What is being asked> Compute how many lines in the data below contain "rule"; answer only with that number.

Dataset>
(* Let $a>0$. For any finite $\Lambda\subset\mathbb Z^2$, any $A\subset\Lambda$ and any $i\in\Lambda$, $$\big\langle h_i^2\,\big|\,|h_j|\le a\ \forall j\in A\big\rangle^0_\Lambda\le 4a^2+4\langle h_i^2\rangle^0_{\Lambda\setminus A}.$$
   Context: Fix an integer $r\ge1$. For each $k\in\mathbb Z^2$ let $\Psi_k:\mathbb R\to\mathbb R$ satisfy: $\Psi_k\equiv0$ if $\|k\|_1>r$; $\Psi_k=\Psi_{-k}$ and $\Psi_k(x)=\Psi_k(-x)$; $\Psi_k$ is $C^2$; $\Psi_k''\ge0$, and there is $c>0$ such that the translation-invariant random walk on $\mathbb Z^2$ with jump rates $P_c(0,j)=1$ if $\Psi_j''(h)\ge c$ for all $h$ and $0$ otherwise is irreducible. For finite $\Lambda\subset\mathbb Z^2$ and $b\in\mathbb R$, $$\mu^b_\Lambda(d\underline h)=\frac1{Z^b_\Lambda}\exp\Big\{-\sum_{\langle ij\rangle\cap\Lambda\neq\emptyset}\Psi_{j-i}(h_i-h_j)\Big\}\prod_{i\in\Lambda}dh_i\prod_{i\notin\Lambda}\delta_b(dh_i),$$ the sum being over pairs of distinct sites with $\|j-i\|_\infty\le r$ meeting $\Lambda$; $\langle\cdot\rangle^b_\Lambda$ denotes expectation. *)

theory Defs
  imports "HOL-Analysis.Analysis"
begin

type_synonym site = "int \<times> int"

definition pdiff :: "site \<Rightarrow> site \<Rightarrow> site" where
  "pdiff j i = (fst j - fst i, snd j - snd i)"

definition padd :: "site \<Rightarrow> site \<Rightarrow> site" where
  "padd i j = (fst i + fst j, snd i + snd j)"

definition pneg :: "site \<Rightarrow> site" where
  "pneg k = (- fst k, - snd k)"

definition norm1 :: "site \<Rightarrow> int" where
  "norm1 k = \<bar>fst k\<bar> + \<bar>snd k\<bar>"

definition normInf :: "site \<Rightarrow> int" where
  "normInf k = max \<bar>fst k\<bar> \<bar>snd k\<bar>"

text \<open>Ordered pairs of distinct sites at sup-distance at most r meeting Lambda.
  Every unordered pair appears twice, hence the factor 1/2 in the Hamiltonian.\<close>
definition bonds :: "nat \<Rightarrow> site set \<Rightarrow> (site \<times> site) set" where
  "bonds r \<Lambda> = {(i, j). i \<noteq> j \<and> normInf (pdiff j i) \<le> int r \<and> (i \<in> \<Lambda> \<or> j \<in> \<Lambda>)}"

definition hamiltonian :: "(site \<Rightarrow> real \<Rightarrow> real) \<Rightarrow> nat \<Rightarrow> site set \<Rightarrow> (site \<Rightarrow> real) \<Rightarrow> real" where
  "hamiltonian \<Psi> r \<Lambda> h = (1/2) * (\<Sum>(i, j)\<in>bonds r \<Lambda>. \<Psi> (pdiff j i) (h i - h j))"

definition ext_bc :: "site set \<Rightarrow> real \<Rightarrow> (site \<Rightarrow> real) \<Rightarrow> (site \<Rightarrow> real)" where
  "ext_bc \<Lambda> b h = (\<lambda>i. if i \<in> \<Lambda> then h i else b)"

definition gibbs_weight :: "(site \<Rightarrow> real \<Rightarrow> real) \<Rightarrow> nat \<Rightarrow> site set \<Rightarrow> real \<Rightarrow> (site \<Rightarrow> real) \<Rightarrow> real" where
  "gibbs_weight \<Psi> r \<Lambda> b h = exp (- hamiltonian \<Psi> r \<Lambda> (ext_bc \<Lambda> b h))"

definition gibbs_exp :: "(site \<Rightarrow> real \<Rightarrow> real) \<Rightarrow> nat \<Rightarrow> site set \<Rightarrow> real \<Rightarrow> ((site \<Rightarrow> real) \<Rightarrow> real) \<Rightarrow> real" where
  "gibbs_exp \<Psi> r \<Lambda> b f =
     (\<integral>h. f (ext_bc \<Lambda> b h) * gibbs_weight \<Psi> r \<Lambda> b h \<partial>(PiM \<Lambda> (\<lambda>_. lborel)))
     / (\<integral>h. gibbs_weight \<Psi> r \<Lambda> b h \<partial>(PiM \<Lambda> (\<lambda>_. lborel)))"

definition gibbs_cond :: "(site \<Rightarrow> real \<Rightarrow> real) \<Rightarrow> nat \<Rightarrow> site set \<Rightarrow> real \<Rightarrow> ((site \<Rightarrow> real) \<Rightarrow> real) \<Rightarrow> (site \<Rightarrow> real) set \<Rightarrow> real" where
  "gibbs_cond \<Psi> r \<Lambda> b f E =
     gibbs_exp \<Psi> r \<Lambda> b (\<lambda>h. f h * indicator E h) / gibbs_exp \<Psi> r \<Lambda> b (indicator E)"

==

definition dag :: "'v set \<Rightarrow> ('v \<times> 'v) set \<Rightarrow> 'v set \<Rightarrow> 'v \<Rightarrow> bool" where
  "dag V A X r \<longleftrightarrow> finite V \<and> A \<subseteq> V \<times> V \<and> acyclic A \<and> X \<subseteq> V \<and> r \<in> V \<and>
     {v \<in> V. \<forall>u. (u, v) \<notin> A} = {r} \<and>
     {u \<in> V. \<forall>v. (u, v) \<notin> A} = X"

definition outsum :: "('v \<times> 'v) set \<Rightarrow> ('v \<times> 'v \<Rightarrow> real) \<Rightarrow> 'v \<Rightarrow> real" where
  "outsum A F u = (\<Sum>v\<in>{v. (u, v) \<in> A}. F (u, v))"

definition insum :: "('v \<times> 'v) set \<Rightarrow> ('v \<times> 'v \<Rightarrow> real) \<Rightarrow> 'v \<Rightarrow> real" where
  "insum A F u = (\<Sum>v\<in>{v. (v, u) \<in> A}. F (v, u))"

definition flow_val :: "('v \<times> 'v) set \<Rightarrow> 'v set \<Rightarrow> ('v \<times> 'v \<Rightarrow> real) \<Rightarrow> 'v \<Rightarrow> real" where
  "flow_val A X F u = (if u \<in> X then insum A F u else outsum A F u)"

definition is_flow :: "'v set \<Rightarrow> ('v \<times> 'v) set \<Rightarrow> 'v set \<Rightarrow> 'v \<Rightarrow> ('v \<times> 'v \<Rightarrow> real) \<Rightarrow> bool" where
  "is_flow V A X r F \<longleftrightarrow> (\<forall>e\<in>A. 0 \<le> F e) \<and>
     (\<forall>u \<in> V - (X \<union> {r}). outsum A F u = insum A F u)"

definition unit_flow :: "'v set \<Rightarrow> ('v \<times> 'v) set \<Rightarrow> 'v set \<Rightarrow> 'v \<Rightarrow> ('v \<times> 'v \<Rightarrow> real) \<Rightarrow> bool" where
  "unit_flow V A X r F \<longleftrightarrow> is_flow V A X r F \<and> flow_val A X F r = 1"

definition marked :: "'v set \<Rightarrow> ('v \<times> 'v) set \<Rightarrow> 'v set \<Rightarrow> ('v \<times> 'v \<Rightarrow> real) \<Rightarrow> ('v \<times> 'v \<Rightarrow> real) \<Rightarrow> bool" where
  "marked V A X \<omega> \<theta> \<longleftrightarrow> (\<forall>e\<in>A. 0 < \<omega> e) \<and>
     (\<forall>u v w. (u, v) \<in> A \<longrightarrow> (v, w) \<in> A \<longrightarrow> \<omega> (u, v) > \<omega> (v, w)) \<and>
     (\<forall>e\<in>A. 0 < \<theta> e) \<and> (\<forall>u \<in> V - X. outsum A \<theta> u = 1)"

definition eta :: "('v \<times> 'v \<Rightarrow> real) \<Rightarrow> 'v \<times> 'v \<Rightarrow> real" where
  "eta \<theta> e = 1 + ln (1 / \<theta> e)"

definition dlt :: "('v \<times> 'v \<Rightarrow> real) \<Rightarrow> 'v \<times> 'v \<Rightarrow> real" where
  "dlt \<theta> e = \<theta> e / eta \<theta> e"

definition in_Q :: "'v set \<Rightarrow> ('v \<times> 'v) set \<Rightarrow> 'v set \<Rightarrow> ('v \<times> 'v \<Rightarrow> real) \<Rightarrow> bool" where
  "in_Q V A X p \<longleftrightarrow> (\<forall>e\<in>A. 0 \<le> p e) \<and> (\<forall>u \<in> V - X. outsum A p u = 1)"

---

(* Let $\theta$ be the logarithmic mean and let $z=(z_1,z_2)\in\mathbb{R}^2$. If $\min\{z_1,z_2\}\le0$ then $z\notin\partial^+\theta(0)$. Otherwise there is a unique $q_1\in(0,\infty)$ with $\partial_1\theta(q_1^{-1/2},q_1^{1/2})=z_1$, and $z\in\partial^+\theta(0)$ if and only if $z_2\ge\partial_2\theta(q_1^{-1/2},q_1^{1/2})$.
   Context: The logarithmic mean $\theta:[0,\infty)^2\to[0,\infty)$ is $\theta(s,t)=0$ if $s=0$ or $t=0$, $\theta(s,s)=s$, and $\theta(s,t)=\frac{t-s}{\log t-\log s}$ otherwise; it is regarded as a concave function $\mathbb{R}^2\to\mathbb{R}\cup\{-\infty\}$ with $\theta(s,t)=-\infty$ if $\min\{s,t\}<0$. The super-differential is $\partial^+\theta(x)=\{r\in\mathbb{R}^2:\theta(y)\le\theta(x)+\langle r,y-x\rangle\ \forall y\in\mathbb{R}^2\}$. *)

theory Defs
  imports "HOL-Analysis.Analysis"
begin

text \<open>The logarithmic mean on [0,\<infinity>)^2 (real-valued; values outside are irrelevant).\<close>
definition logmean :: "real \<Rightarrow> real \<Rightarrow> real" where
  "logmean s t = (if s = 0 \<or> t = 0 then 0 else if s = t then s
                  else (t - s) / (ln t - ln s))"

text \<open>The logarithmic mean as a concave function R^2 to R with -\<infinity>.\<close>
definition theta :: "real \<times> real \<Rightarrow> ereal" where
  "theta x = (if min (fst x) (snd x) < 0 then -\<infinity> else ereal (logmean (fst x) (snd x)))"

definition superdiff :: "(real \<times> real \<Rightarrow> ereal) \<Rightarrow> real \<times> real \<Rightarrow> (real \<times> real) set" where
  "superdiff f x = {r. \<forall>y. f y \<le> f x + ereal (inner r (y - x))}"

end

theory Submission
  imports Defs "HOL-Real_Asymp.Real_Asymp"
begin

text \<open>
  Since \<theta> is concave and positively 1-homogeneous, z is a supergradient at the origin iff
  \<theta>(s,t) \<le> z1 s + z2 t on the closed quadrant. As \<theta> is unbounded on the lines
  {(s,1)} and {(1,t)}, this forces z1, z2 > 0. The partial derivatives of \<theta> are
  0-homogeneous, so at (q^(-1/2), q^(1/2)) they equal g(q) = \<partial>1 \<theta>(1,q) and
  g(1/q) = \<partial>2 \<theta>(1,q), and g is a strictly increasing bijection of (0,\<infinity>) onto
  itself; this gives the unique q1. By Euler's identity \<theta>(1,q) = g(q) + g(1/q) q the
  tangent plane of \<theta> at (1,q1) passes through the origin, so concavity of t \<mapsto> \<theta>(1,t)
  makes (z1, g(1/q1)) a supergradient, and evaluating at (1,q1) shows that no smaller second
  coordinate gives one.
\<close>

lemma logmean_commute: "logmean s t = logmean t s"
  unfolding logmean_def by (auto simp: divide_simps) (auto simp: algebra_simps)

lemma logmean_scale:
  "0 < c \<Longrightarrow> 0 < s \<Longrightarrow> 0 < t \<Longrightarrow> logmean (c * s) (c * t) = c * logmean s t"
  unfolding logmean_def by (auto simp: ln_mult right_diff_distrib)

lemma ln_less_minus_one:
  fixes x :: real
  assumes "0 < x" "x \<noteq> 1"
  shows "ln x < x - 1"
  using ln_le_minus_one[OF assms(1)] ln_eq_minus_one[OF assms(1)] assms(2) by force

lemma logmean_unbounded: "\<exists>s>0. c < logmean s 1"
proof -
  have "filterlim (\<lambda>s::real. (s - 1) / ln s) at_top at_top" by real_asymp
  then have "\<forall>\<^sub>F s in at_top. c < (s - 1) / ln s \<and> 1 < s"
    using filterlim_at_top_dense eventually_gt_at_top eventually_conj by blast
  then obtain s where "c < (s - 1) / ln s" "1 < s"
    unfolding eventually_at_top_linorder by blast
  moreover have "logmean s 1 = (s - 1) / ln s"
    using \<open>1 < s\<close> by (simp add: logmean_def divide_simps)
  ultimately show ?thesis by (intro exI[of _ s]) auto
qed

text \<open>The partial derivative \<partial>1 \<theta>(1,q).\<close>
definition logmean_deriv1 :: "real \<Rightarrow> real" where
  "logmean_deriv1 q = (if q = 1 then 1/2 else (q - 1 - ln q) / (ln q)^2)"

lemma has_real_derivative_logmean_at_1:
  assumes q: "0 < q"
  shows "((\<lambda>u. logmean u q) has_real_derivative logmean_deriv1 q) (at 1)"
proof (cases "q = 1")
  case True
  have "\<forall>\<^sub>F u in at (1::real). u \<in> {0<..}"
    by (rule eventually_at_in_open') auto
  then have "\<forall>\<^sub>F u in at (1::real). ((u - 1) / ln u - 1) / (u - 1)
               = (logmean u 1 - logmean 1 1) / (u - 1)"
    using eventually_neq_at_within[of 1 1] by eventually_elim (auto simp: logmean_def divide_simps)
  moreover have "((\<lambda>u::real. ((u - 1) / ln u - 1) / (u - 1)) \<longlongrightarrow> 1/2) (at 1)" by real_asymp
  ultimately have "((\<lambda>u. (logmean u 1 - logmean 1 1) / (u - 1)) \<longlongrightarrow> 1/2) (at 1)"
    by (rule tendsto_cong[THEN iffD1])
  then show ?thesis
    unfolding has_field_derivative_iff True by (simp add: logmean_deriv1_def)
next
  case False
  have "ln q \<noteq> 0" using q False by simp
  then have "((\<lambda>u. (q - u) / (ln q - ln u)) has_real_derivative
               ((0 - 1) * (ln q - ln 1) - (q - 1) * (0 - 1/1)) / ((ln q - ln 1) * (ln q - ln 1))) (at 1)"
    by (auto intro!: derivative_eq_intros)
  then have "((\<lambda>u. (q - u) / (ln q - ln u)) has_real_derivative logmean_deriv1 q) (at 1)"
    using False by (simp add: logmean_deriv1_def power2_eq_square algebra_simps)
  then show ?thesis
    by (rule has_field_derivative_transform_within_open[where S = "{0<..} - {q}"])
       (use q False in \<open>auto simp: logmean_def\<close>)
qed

Exercise answer> 3